Monday, November 26, 2007

"Values Voters": Big Government Liberals

Michael Tanner of the Cato Institute published an article last week
"What if Economic Conservatives Stay Home on Election Day?" and discusses "economic conservatives" abandonment of the Republican party…or rather, the Republican Party’s abandonment of economic conservatism. Religious conservatives, on the other hand, will maintain their support of Republicans with a level of faith rivaling that in Jesus.

He says:
There is no doubt that religious conservatives are an important part of the Republican coalition. Yet the media, and more importantly, the candidates, seem curiously unconcerned with another discontented part of that coalition: economic, small-government conservatives.

Yet it was the Republicans' big-spending, big-government ways that helped ensure their defeat in the 2006 midterm elections. It wasn't evangelical Christians or so-called "values voters" who deserted Republicans. Roughly 70 percent of white evangelicals and born-again Christians voted Republican in 2006, just a fraction less than in 2004.

It was suburbanites, independents, and others who were fed up not just with the war and corruption, but also with the Republican drift toward big-government who stayed home, or even voted Democratic, on election day 2006. That night, more than 65 percent of voters told a pollster they believed that "The Republicans used to be the party of economic growth, fiscal discipline, and limited government, but in recent years, too many Republicans in Washington have become just like the big spenders they used to oppose."
I think this statement is largely true.
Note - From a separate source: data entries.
(* Let $g$ be any connected undirected graph (system) with diameter $diam(g)$. Every protocol $\pi$ in the state model that is self-stabilizing for the mutual exclusion specification $spec_{EM}$ on $g$ satisfies $temps\_stab(\pi,ds)\ge \lceil diam(g)/2\rceil$, where $ds$ is the synchronous daemon.
   Context: Model (state model with shared variables): a distributed system is a connected undirected graph $g=(V,E)$ whose vertices are processors and edges are communication links; $diam(g)$ is its diameter. Each processor has a unique identity. The state of a processor is the value of its variables; a configuration is the tuple of all processor states. A protocol is a set of rules $\langle guard\rangle \to \langle action\rangle$, where the guard is a predicate on the state of the processor and of its neighbours and the action updates the processor's own state. A processor is enabled if one of its guards is true. In a step, a daemon selects a nonempty subset of the enabled processors, and each selected processor atomically executes its action, all selected processors reading the configuration at the beginning of the step. The synchronous daemon $ds$ selects all enabled processors at every step. Self-stabilization and stabilization time: a protocol $\pi$ is self-stabilizing for $spec$ under daemon $d$ if, from any configuration, every execution of $\pi$ under $d$ contains a configuration from which every execution of $\pi$ under $d$ satisfies $spec$. $temps\_stab(\pi,d)$ is the worst case, over all initial configurations and all executions of $\pi$ under $d$, of the number of steps until such a configuration is reached. Mutual exclusion: each processor $v$ has a predicate $privilege_v$ on its state; $v$ is privileged in a configuration $\gamma$ iff $privilege_v$ is true in $\gamma$; if $v$ is privileged in $\gamma$ and is activated during step $(\gamma,\gamma')$, then $v$ executes its critical section during that step. An execution satisfies $spec_{EM}$ if in every configuration at most one processor is privileged (safety) and every processor executes its critical section infinitely often (liveness). *)

theory Defs
  imports Complex_Main "HOL-Library.Extended_Nat"
begin

definition undirected_connected :: "('v::finite \<Rightarrow> 'v \<Rightarrow> bool) \<Rightarrow> bool" where
  "undirected_connected E \<longleftrightarrow>
     (\<forall>u v. E u v \<longrightarrow> E v u) \<and> (\<forall>u. \<not> E u u) \<and>
     (\<forall>u v. (u, v) \<in> {(a, b). E a b}\<^sup>*)"

definition gdist :: "('v \<Rightarrow> 'v \<Rightarrow> bool) \<Rightarrow> 'v \<Rightarrow> 'v \<Rightarrow> nat" where
  "gdist E u v = (LEAST n. (u, v) \<in> {(a, b). E a b} ^^ n)"

definition diam :: "('v::finite \<Rightarrow> 'v \<Rightarrow> bool) \<Rightarrow> nat" where
  "diam E = Max {gdist E u v | u v. True}"

type_synonym ('v, 's) config = "'v \<Rightarrow> 's"

text \<open>A rule is a pair (guard, action); rules v is the (finite) set of rules of
  processor v. Guards and actions may only read the states of v and its neighbours.\<close>
type_synonym ('v, 's) rule = "(('v, 's) config \<Rightarrow> bool) \<times> (('v, 's) config \<Rightarrow> 's)"
type_synonym ('v, 's) protocol = "'v \<Rightarrow> ('v, 's) rule set"

definition is_protocol :: "('v \<Rightarrow> 'v \<Rightarrow> bool) \<Rightarrow> ('v, 's) protocol \<Rightarrow> bool" where
  "is_protocol E \<pi> \<longleftrightarrow>
     (\<forall>v. finite (\<pi> v)) \<and>
     (\<forall>v r \<gamma> \<gamma>'. r \<in> \<pi> v \<longrightarrow> (\<forall>u. u = v \<or> E v u \<longrightarrow> \<gamma> u = \<gamma>' u) \<longrightarrow>
        (fst r \<gamma> = fst r \<gamma>' \<and> snd r \<gamma> = snd r \<gamma>'))"
(* Let $\Sigma$ be a finite alphabet, $S=s_0\cdots s_{m-1}\in\Sigma^m$, and $a,a'\in\Sigma^m$ with $\mathrm{rep}_{\mathrm{Sub}(S)}(a)=\mathrm{rep}_{\mathrm{Sub}(S)}(a')$. Then $f^S_{\mathrm{B(N)DM}}(a)=f^S_{\mathrm{B(N)DM}}(a')$ and $g^S_{\mathrm{B(N)DM}}(a)=g^S_{\mathrm{B(N)DM}}(a')$.
   Context: $\mathrm{Sub}(S)$ is the set of all substrings of $S$, including $\varepsilon$; $\mathrm{rep}_{\mathrm{Sub}(S)}(a)$ is the longest suffix of $a$ that is a substring of $S$. Let $S^{\mathrm{rev}}=s_{m-1}\cdots s_0$. The suffix automaton of $S^{\mathrm{rev}}$ is the deterministic automaton accepting exactly the suffixes of $S^{\mathrm{rev}}$, extended with a non-accepting sink FAIL entered as soon as the string read so far is not a substring of $S^{\mathrm{rev}}$. A window $w=w_0\cdots w_{m-1}$ is read from right to left, i.e. the automaton reads $w^{\mathrm{rev}}=w_{m-1}\cdots w_0$. Let $j^S_w$ be the number of transitions performed before entering FAIL (not counting the transition into FAIL). Cost: $f^S_{\mathrm{B(N)DM}}(w)=m$ if $w=S$, otherwise $j^S_w+1$. Let $\mathcal{I}^S(w)\subseteq\{0,\dots,m-1\}$ be the set of $i$ such that the automaton is in an accepting state after reading $i$ characters of $w^{\mathrm{rev}}$ (equivalently, $w_{m-i}\cdots w_{m-1}$ is a prefix of $S$). Shift: $g^S_{\mathrm{B(N)DM}}(w)=\min\{m-i: i\in\mathcal{I}^S(w)\}$. *)

theory Defs
  imports Main "HOL-Library.Sublist"
begin

text \<open>Strings are lists; \<open>w ! i\<close> is \<open>w_i\<close>. \<open>Sub(S)\<close> = contiguous sublists (incl. []).\<close>

definition rep_Sub :: "'a list \<Rightarrow> 'a list \<Rightarrow> 'a list" where
  "rep_Sub S a = drop (LEAST k. sublist (drop k a) S) a"

text \<open>After reading i characters of the reversed window, the string read is
  \<open>take i (rev w)\<close>. The automaton for \<open>rev S\<close> is not in FAIL after i steps iff
  every string read so far is a substring of \<open>rev S\<close>; it is accepting iff
  moreover the string read is a suffix of \<open>rev S\<close>.\<close>

definition not_fail :: "'a list \<Rightarrow> 'a list \<Rightarrow> nat \<Rightarrow> bool" where
  "not_fail S w i = (\<forall>k\<le>i. sublist (take k (rev w)) (rev S))"

definition accepting :: "'a list \<Rightarrow> 'a list \<Rightarrow> nat \<Rightarrow> bool" where
  "accepting S w i = (not_fail S w i \<and> suffix (take i (rev w)) (rev S))"

definition j_steps :: "'a list \<Rightarrow> 'a list \<Rightarrow> nat" where
  "j_steps S w = (GREATEST i. i \<le> length w \<and> not_fail S w i)"

definition f_BDM :: "'a list \<Rightarrow> 'a list \<Rightarrow> nat" where
  "f_BDM S w = (if w = S then length S else j_steps S w + 1)"

definition I_set :: "'a list \<Rightarrow> 'a list \<Rightarrow> nat set" where
  "I_set S w = {i. i < length S \<and> accepting S w i}"

definition g_BDM :: "'a list \<Rightarrow> 'a list \<Rightarrow> nat" where
  "g_BDM S w = Min ((\<lambda>i. length S - i) ` I_set S w)"

end

theory Submission
  imports Defs
begin

text \<open>Reading the window from right to left, the automaton only ever sees suffixes of the
  window. The suffixes of \<open>w\<close> that are substrings of \<open>S\<close> are exactly the suffixes of
  \<open>rep_Sub S w\<close>, so whether the run has failed after \<open>i\<close> steps, and whether it accepts
  there, depends on \<open>w\<close> only through \<open>rep_Sub S w\<close>. So does the test \<open>w = S\<close>: a window
  of length \<open>|S|\<close> equals \<open>S\<close> iff its representative is all of \<open>S\<close>.\<close>

lemma rep_Sub_eq_drop_Least:
  obtains k where "rep_Sub S w = drop k w" "sublist (drop k w) S"
    "\<And>k'. sublist (drop k' w) S \<Longrightarrow> k \<le> k'"
proof
  have "sublist (drop (length w) w) S" by simp
  then show "sublist (drop (LEAST k. sublist (drop k w) S) w) S" by (rule LeastI)
qed (auto simp: rep_Sub_def intro: Least_le)

lemma suffix_rep_Sub: "suffix (rep_Sub S w) w"
  by (metis rep_Sub_eq_drop_Least suffix_drop)

lemma sublist_rep_Sub: "sublist (rep_Sub S w) S"
  by (metis rep_Sub_eq_drop_Least)

lemma suffix_eq_drop: "suffix u w \<Longrightarrow> u = drop (length w - length u) w"
  using suffixE by fastforce

lemma suffix_drop_drop: "k \<le> n \<Longrightarrow> suffix (drop n w) (drop k w)"
  by (metis add.commute drop_drop nat_le_iff_add suffix_drop)

lemma suffix_iff_length_le:
  assumes "suffix u w" "suffix v w"
  shows "suffix u v \<longleftrightarrow> length u \<le> length v"
  using assms suffix_length_le suffix_length_suffix by blast

lemma sublist_iff_suffix_rep_Sub:
  assumes "suffix u w"
  shows "sublist u S \<longleftrightarrow> suffix u (rep_Sub S w)"
proof
  obtain k where k: "rep_Sub S w = drop k w" "\<And>k'. sublist (drop k' w) S \<Longrightarrow> k \<le> k'"
    using rep_Sub_eq_drop_Least by metis
  have u: "u = drop (length w - length u) w"
    using assms by (rule suffix_eq_drop)
  assume "sublist u S"
  then have "k \<le> length w - length u" using k(2) u by simp
  then show "suffix u (rep_Sub S w)" using k(1) u suffix_drop_drop by metis
next
  show "suffix u (rep_Sub S w) \<Longrightarrow> sublist u S"
    using sublist_rep_Sub suffix_imp_sublist sublist_order.order_trans by blast
qed

lemma sublist_drop_iff_le_length_rep_Sub:
  assumes "i \<le> length w"
  shows "sublist (drop (length w - i) w) S \<longleftrightarrow> i \<le> length (rep_Sub S w)"
  using assms sublist_iff_suffix_rep_Sub[OF suffix_drop, of "length w - i" w S]
    suffix_iff_length_le[OF suffix_drop suffix_rep_Sub, of "length w - i" w S]
  by simp

lemma drop_rep_Sub:
  assumes "i \<le> length (rep_Sub S w)"
  shows "drop (length (rep_Sub S w) - i) (rep_Sub S w) = drop (length w - i) w"
  using assms suffix_eq_drop[OF suffix_order.trans[OF suffix_drop suffix_rep_Sub]]
  by (metis diff_diff_cancel length_drop)

lemma not_fail_iff_le_length_rep_Sub:
  assumes "i \<le> length w"
  shows "not_fail S w i \<longleftrightarrow> i \<le> length (rep_Sub S w)"
proof -
  have "not_fail S w i \<longleftrightarrow> (\<forall>k\<le>i. k \<le> length (rep_Sub S w))"
    unfolding not_fail_def using assms
    by (auto simp: take_rev sublist_rev sublist_drop_iff_le_length_rep_Sub)
  then show ?thesis by auto
qed

lemma accepting_iff_rep_Sub:
  assumes "i \<le> length w"
  shows "accepting S w i \<longleftrightarrow>
    i \<le> length (rep_Sub S w) \<and> prefix (drop (length (rep_Sub S w) - i) (rep_Sub S w)) S"
  using assms drop_rep_Sub[of i S w]
  by (auto simp: accepting_def not_fail_iff_le_length_rep_Sub take_rev suffix_to_prefix)

lemma eq_iff_rep_Sub_eq:
  assumes "length w = length S"
  shows "w = S \<longleftrightarrow> rep_Sub S w = S"
proof
  show "rep_Sub S w = S \<Longrightarrow> w = S"
    using assms suffix_rep_Sub[of S w] suffix_iff_length_le[of w w S] by (simp add: suffix_order.antisym)
  show "w = S \<Longrightarrow> rep_Sub S w = S"
    using sublist_iff_suffix_rep_Sub[of S S S] suffix_rep_Sub[of S S]
    by (simp add: suffix_order.antisym)
qed

theorem lemma19:
  fixes \<Sigma> :: "'a set" and S a a' :: "'a list" and m :: nat
  assumes "finite \<Sigma>"
    and "length S = m" and "set S \<subseteq> \<Sigma>"
    and "length a = m" and "set a \<subseteq> \<Sigma>"
    and "length a' = m" and "set a' \<subseteq> \<Sigma>"
    and "rep_Sub S a = rep_Sub S a'"
  shows "f_BDM S a = f_BDM S a' \<and> g_BDM S a = g_BDM S a'"
proof -
  have not_fail: "not_fail S a i \<longleftrightarrow> not_fail S a' i" if "i \<le> m" for i
    using that assms by (simp add: not_fail_iff_le_length_rep_Sub)
  have accepting: "accepting S a i \<longleftrightarrow> accepting S a' i" if "i \<le> m" for i
    using that assms by (simp add: accepting_iff_rep_Sub)
  have "j_steps S a = j_steps S a'"
    unfolding j_steps_def using not_fail assms(4,6) by (metis (lifting))
  moreover have "a = S \<longleftrightarrow> a' = S"
    using assms(2,4,6,8) eq_iff_rep_Sub_eq by metis
  moreover have "I_set S a = I_set S a'"
    unfolding I_set_def using accepting assms(2) by auto
  ultimately show ?thesis unfolding f_BDM_def g_BDM_def by simp
qed
end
I know a few die-hard, truly fundamentalist Christians who are equally (if not more so) devout believers in the Republican Party. In my opinion, if Jesus Christ himself came back and ran as a Democrat, they would vote against him.

I ran this quote by one of my acquaintances and asked him for his opinion. I asked him, doesn’t this imply some very frightful things about "values voters"? Does it suggest that they have no problem with war, torture, destruction of the economy, abandonment of our Constitutional order…just so long as we keep "the gays" down.

Granted, I’m not a particularly religious man. I try to maintain a neutral perspective to other people’s religious beliefs, despite mountains of personal experience that religious people tend not to be the most virtuous of character types. But I have to worry when I look around me and see a correlation between the level of religiousness of a person, and their willingness to dismiss everything the Bush administration does, no matter how unconscionable.

One other thing…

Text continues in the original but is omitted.